Dynamic scoping means that the expression X refers to the innermost binding of
X in the entire activation chain ("call stack") leading up to that point (or
possibly to a global, top-level X if there is no such binding).

Global means that X refers to a single instance in a top-level environment.

Dynamic scoping can be faked with global variables plus a hidden
saving/restoring mechanism. That is to say, the local binding of a dynamic
variable can be simulated by saving the current value in a hidden local
location associated with the activation frame, then simply assigning to the
global variable, and finally restoring the prior value (with unwind
protection, so it is guaranteed). However, the ruse will be exposed under any
sort of concurrency (threads, coroutines, continuations) which will make it
apparent that there is only one instance of the variable. Under a true
implementation of dynamic scoping, the local binding of the dynamic variable
actually has a separate local location from the fall-back global one.

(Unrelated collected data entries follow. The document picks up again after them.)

text \<open>Chain rule for the loss: sum_j Delta phi'(N q_j) grad N(q_j) - phi'(N x)/phi(N x) grad N(x).
  Since theta_i only enters L_i, grad of L = sum_i L_i w.r.t. theta_i is grad of L_i.\<close>
definition gradL_w :: "nat \<Rightarrow> nat \<Rightarrow> (pidx \<Rightarrow> real) \<Rightarrow> params \<Rightarrow> (nat \<Rightarrow> real) \<Rightarrow> nat \<Rightarrow> nat \<Rightarrow> nat \<Rightarrow> real" where
  "gradL_w m Q \<omega> th x i r k =
     (\<Sum>j=1..Q. Delta Q i x * phi' (Net m \<omega> th i (qpt Q j i x)) * gradN_w \<omega> th i r k (qpt Q j i x))
     - phi' (Net m \<omega> th i x) / phi (Net m \<omega> th i x) * gradN_w \<omega> th i r k x"

definition gradL_b :: "nat \<Rightarrow> nat \<Rightarrow> (pidx \<Rightarrow> real) \<Rightarrow> params \<Rightarrow> (nat \<Rightarrow> real) \<Rightarrow> nat \<Rightarrow> nat \<Rightarrow> real" where
  "gradL_b m Q \<omega> th x i r =
     (\<Sum>j=1..Q. Delta Q i x * phi' (Net m \<omega> th i (qpt Q j i x)) * gradN_b \<omega> th i r (qpt Q j i x))
     - phi' (Net m \<omega> th i x) / phi (Net m \<omega> th i x) * gradN_b \<omega> th i r x"

primrec sgd :: "nat \<Rightarrow> nat \<Rightarrow> real \<Rightarrow> (pidx \<Rightarrow> real) \<Rightarrow> (nat \<Rightarrow> nat \<Rightarrow> real) \<Rightarrow> nat \<Rightarrow> params" where
  "sgd m Q eta \<omega> xs 0 = zero_params"
| "sgd m Q eta \<omega> xs (Suc t) =
     (let th = sgd m Q eta \<omega> xs t in
       (\<lambda>i r k. fst th i r k - eta * gradL_w m Q \<omega> th (xs t) i r k,
        \<lambda>i r. snd th i r - eta * gradL_b m Q \<omega> th (xs t) i r))"

end

theory Submission
  imports Defs
begin

text \<open>Along SGD each preactivation moves away from its initial value by at most
  \<open>12 \<eta> t \<bar>a\<^sub>r\<bar>\<close>: the loss gradients are bounded because \<open>\<phi>'\<close>, \<open>\<phi>'/\<phi>\<close> and \<open>\<sigma>'\<close> take values
  in \<open>[0,1]\<close> and the lifted inputs have norm at most \<open>\<surd>3\<close>. Hence the network and its
  pseudo-network differ only through neurons whose initial preactivation lies within that
  drift of the kink of the ReLU, and since \<open>\<phi>\<close> and \<open>log \<phi>\<close> are 1-Lipschitz the loss gap is
  dominated by a random variable depending on the initialization alone. Conditionally on the
  other weights the initial bias is Gaussian with density at most \<open>\<surd>m/\<surd>(2\<pi>)\<close>, so each
  neuron contributes \<open>O(\<eta>\<^sup>2 t\<^sup>2 \<surd>m \<epsilon>\<^sub>a\<^sup>3)\<close> in expectation, and Markov's inequality yields the
  bound.\<close>

section \<open>Lifted inputs and query points\<close>

definition sqnorm :: "nat \<Rightarrow> (nat \<Rightarrow> real) \<Rightarrow> real" where
  "sqnorm n x = (\<Sum>k=1..n. (x k)\<^sup>2)"

lemma sqnorm_mono: "n \<le> d \<Longrightarrow> sqnorm n x \<le> sqnorm d x"
  unfolding sqnorm_def by (intro sum_mono2) auto

lemma abs_coord_le_1:
  assumes "sqnorm d x \<le> 1" "k \<in> {1..d}"
  shows "\<bar>x k\<bar> \<le> 1"
proof -
  have "(x k)\<^sup>2 \<le> sqnorm d x"
    unfolding sqnorm_def using assms(2) by (intro member_le_sum) auto
  with assms(1) show ?thesis
    by (simp flip: abs_square_le_1)
qed

lemma sqnorm_fun_upd_last:
  "1 \<le> i \<Longrightarrow> sqnorm i (x(i := v)) = sqnorm (i - 1) x + v\<^sup>2"
  unfolding sqnorm_def by (cases i) (auto intro!: sum.cong)

lemma sqnorm_xhat: "sqnorm (Suc i) (xhat i p) = sqnorm i p + \<bar>1 - sqnorm i p\<bar>"
proof -
  have "(sqrt y)\<^sup>2 = \<bar>y\<bar>" for y :: real
    by (metis real_sqrt_abs2 real_sqrt_pow2 abs_ge_zero real_sqrt_abs real_sqrt_power)
  then show ?thesis
    unfolding sqnorm_def by (simp add: xhat_def)
qed

definition xhat_inner :: "nat \<Rightarrow> (nat \<Rightarrow> real) \<Rightarrow> (nat \<Rightarrow> real) \<Rightarrow> real" where
  "xhat_inner i u v = (\<Sum>k=1..i+1. xhat i u k * xhat i v k)"

lemma abs_xhat_inner_le:
  assumes "sqnorm i u \<le> 2" "sqnorm i v \<le> 2"
  shows "\<bar>xhat_inner i u v\<bar> \<le> 3"
proof -
  have bound: "sqnorm (Suc i) (xhat i p) \<le> 3" if "sqnorm i p \<le> 2" for p
    using that by (simp add: sqnorm_xhat abs_if)
  have "(xhat_inner i u v)\<^sup>2 \<le> sqnorm (Suc i) (xhat i u) * sqnorm (Suc i) (xhat i v)"
    unfolding xhat_inner_def sqnorm_def Suc_eq_plus1 by (rule Cauchy_Schwarz_ineq_sum)
  also have "\<dots> \<le> 3 * 3"
    using bound assms by (intro mult_mono) (auto simp: sqnorm_def sum_nonneg)
  finally show ?thesis
    using abs_le_square_iff[of _ 3] by fastforce
qed

lemma Delta_nonneg: "\<bar>x i\<bar> \<le> 1 \<Longrightarrow> 0 \<le> Delta Q i x"
  unfolding Delta_def by simp

lemma sum_Delta_le: "\<bar>x i\<bar> \<le> 1 \<Longrightarrow> (\<Sum>j=1..Q. Delta Q i x) \<le> 2"
  unfolding Delta_def by (cases "Q = 0") auto

lemma abs_sum_Delta_le:
  assumes "\<bar>x i\<bar> \<le> 1" "0 \<le> B" "\<And>j. j \<in> {1..Q} \<Longrightarrow> \<bar>f j\<bar> \<le> B"
  shows "\<bar>\<Sum>j=1..Q. Delta Q i x * f j\<bar> \<le> 2 * B"
proof -
  have Delta: "0 \<le> Delta Q i x"
    using assms(1) by (rule Delta_nonneg)
  have "\<bar>\<Sum>j=1..Q. Delta Q i x * f j\<bar> \<le> (\<Sum>j=1..Q. Delta Q i x * B)"
    using Delta assms(3) by (intro order_trans[OF sum_abs sum_mono]) (simp add: abs_mult mult_left_mono)
  also have "\<dots> = (\<Sum>j=1..Q. Delta Q i x) * B"
    by (simp add: sum_distrib_right)
  also have "\<dots> \<le> 2 * B"
    using sum_Delta_le[where x = x, OF assms(1)] assms(2) by (intro mult_right_mono)
  finally show ?thesis .
qed

lemma sqnorm_qpt_le:
  assumes "sqnorm d x \<le> 1" "i \<in> {1..d}" "j \<le> Q"
  shows "sqnorm i (qpt Q j i x) \<le> 2"
proof -
  have xi: "\<bar>x i\<bar> \<le> 1"
    using assms(1,2) by (rule abs_coord_le_1)
  have jQ: "0 \<le> real j / real Q" "real j / real Q \<le> 1"
    using assms(3) by (auto simp: divide_le_eq_1)
  have "real j / real Q * (x i + 1) \<le> 1 * 2"
    using jQ xi by (intro mult_mono) auto
  moreover have "0 \<le> real j / real Q * (x i + 1)"
    using jQ xi by simp
  ultimately have "\<bar>-1 + real j * Delta Q i x\<bar> \<le> 1"
    unfolding Delta_def by simp
  then have "(-1 + real j * Delta Q i x)\<^sup>2 \<le> 1"
    by (simp add: abs_square_le_1)
  moreover have "sqnorm (i - 1) x \<le> sqnorm d x"
    using assms(2) by (intro sqnorm_mono) auto
  ultimately show ?thesis
    using assms(1,2) by (simp add: qpt_def sqnorm_fun_upd_last)
qed

section \<open>The activation functions\<close>

lemma abs_diff_le_of_mono_contraction:
  fixes f :: "real \<Rightarrow> real"
  assumes "\<And>u v. u \<le> v \<Longrightarrow> f u \<le> f v \<and> f v - f u \<le> v - u"
  shows "\<bar>f u - f v\<bar> \<le> \<bar>u - v\<bar>"
  using assms[of u v] assms[of v u] by (cases "u \<le> v") auto

lemma phi_pos: "0 < phi u"
  unfolding phi_def by auto

lemma phi_mono_contraction:
  assumes "u \<le> v"
  shows "phi u \<le> phi v \<and> phi v - phi u \<le> v - u"
proof (cases "v < 0")
  case True
  have "1 - exp (u - v) \<le> v - u"
    using exp_ge_add_one_self[of "u - v"] by linarith
  have "exp v - exp u = exp v * (1 - exp (u - v))"
    by (simp add: algebra_simps exp_diff)
  also have "\<dots> \<le> 1 * (v - u)"
    by (intro mult_mono) (use True assms \<open>1 - exp (u - v) \<le> v - u\<close> in auto)
  finally show ?thesis
    using True assms unfolding phi_def by simp
next
  case v: False
  show ?thesis
  proof (cases "u < 0")
    case True
    then have "exp u \<le> 1" "phi u = exp u" "phi v = v + 1"
      using v unfolding phi_def by auto
    then show ?thesis
      using True v exp_ge_add_one_self[of u] by linarith
  qed (use v assms in \<open>auto simp: phi_def\<close>)
qed

lemma ln_phi_mono_contraction:
  assumes "u \<le> v"
  shows "ln (phi u) \<le> ln (phi v) \<and> ln (phi v) - ln (phi u) \<le> v - u"
proof -
  have "ln (phi v) - ln (phi u) \<le> v - u"
  proof (cases "u < 0")
    case True
    then show ?thesis
      using assms ln_le_minus_one[of "v + 1"] unfolding phi_def by auto
  next
    case False
    have "ln (v + 1) - ln (u + 1) = ln ((v + 1) / (u + 1))"
      using False assms by (simp add: ln_div)
    also have "\<dots> \<le> (v + 1) / (u + 1) - 1"
      using False assms by (intro ln_le_minus_one) auto
    also have "\<dots> = (v - u) / (u + 1)"
      using False by (simp add: field_simps)
    also have "\<dots> \<le> (v - u) / 1"
      using False assms by (intro divide_left_mono) auto
    finally show ?thesis
      using False assms unfolding phi_def by simp
  qed
  then show ?thesis
    using phi_mono_contraction[OF assms] phi_pos[of u] by simp
qed

lemma abs_phi_diff_le: "\<bar>phi u - phi v\<bar> \<le> \<bar>u - v\<bar>"
  by (rule abs_diff_le_of_mono_contraction) (rule phi_mono_contraction)

lemma abs_ln_phi_diff_le: "\<bar>ln (phi u) - ln (phi v)\<bar> \<le> \<bar>u - v\<bar>"
  by (rule abs_diff_le_of_mono_contraction[where f = "\<lambda>u. ln (phi u)"]) (rule ln_phi_mono_contraction)

lemma phi'_bounds: "0 \<le> phi' u" "phi' u \<le> 1"
  unfolding phi'_def by auto

lemma phi'_div_phi_bounds: "0 \<le> phi' u / phi u" "phi' u / phi u \<le> 1"
  unfolding phi'_def phi_def by auto

lemma relu'_bounds: "0 \<le> relu' u" "relu' u \<le> 1"
  unfolding relu'_def by auto

lemma abs_relu_linearization_le:
  assumes "\<bar>y - z\<bar> \<le> B"
  shows "\<bar>relu y - relu' z * y\<bar> \<le> (if \<bar>z\<bar> \<le> B then B else 0)"
  using assms unfolding relu_def relu'_def by auto

section \<open>Drift of the preactivations along SGD\<close>

definition preact_grad ::
    "nat \<Rightarrow> nat \<Rightarrow> (pidx \<Rightarrow> real) \<Rightarrow> params \<Rightarrow> (nat \<Rightarrow> real) \<Rightarrow> nat \<Rightarrow> nat \<Rightarrow> (nat \<Rightarrow> real) \<Rightarrow> real" where
  "preact_grad m Q \<omega> th x0 i r p =
     (\<Sum>k=1..i+1. gradL_w m Q \<omega> th x0 i r k * xhat i p k) + gradL_b m Q \<omega> th x0 i r"

lemma preact_sgd_Suc:
  "preact \<omega> (sgd m Q eta \<omega> xs (Suc t)) i r p =
     preact \<omega> (sgd m Q eta \<omega> xs t) i r p - eta * preact_grad m Q \<omega> (sgd m Q eta \<omega> xs t) (xs t) i r p"
  unfolding sgd.simps Let_def preact_def preact_grad_def
  by (simp add: algebra_simps sum.distrib sum_subtractf sum_distrib_left)

lemma gradN_pair_eq:
  "(\<Sum>k=1..i+1. gradN_w \<omega> th i r k z * xhat i p k) + gradN_b \<omega> th i r z =
     \<omega> (Aidx i r) * relu' (preact \<omega> th i r z) * (xhat_inner i z p + 1)"
  unfolding gradN_w_def gradN_b_def xhat_inner_def
  by (simp add: sum_distrib_left algebra_simps)

lemma preact_grad_eq:
  fixes \<omega> :: "pidx \<Rightarrow> real" and th :: params and i r :: nat and p :: "nat \<Rightarrow> real"
  defines "g z \<equiv> \<omega> (Aidx i r) * relu' (preact \<omega> th i r z) * (xhat_inner i z p + 1)"
  shows "preact_grad m Q \<omega> th x0 i r p =
     (\<Sum>j=1..Q. Delta Q i x0 * (phi' (Net m \<omega> th i (qpt Q j i x0)) * g (qpt Q j i x0)))
     - phi' (Net m \<omega> th i x0) / phi (Net m \<omega> th i x0) * g x0"
proof -
  define c where "c j = Delta Q i x0 * phi' (Net m \<omega> th i (qpt Q j i x0))" for j
  define c0 where "c0 = phi' (Net m \<omega> th i x0) / phi (Net m \<omega> th i x0)"
  have pair: "(\<Sum>k=1..i+1. gradN_w \<omega> th i r k z * xhat i p k) + gradN_b \<omega> th i r z = g z" for z
    unfolding g_def by (rule gradN_pair_eq)
  have w: "gradL_w m Q \<omega> th x0 i r k =
      (\<Sum>j=1..Q. c j * gradN_w \<omega> th i r k (qpt Q j i x0)) - c0 * gradN_w \<omega> th i r k x0" for k
    unfolding gradL_w_def c_def c0_def by (simp add: mult.assoc)
  have b: "gradL_b m Q \<omega> th x0 i r =
      (\<Sum>j=1..Q. c j * gradN_b \<omega> th i r (qpt Q j i x0)) - c0 * gradN_b \<omega> th i r x0"
    unfolding gradL_b_def c_def c0_def by (simp add: mult.assoc)
  have "(\<Sum>k=1..i+1. (\<Sum>j=1..Q. c j * gradN_w \<omega> th i r k (qpt Q j i x0)) * xhat i p k) =
      (\<Sum>j=1..Q. c j * (\<Sum>k=1..i+1. gradN_w \<omega> th i r k (qpt Q j i x0) * xhat i p k))"
    unfolding sum_distrib_left sum_distrib_right mult.assoc by (rule sum.swap)
  then have "preact_grad m Q \<omega> th x0 i r p =
      (\<Sum>j=1..Q. c j * ((\<Sum>k=1..i+1. gradN_w \<omega> th i r k (qpt Q j i x0) * xhat i p k)
                          + gradN_b \<omega> th i r (qpt Q j i x0)))
      - c0 * ((\<Sum>k=1..i+1. gradN_w \<omega> th i r k x0 * xhat i p k) + gradN_b \<omega> th i r x0)"
    unfolding preact_grad_def w b
    by (simp add: left_diff_distrib sum_subtractf sum.distrib sum_distrib_left distrib_left
        mult.assoc)
  then show ?thesis
    unfolding pair c_def c0_def by (simp add: mult.assoc)
qed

Note that the scoping classification of bindings is not sufficiently nuanced
to capture what is possible. Words like "lexical" refers to visibility but
"binding" is what happens at run-time: the establishment of the life of the
thing that the name refers to, through to its termination. In Common Lisp
parlance, the run-time lifetime of a binding is called its "extent".

If a language supports lexical closures, then lexical variables never "go
away" while it is possible for a closure to be invoked which refers to their
values. This situation is called "indefinite extent".

"Dynamic scope" is an informal term for "indefinite scope, dynamic extent".
See here:
[https://www.cs.cmu.edu/Groups/AI/html/cltl/clm/node43.html](https://www.cs.cmu.edu/Groups/AI/html/cltl/clm/node43.html)
[cltl2, 3 Scope and Extent]

This terminology lets us distinguish nuanced situations such as:

\- C non-static local variables: lexical scope, dynamic extent (go away when
block scope terminates).

\- C static locals: lexical scope, indefinite extent

\- Common Lisp blocks: lexical scope, dynamic extent

------
lispm
Dynamic Scope let's you run code portions with their own variable bindings -
without the need to pass arguments into the function and without the need to
rebind the variables lexically in surrounding code. The scope is dynamic, that
means that the bindings are only active while the code is actually active -
different from lexical binding, where closures capture bindings even then the
closure generating code is no longer active.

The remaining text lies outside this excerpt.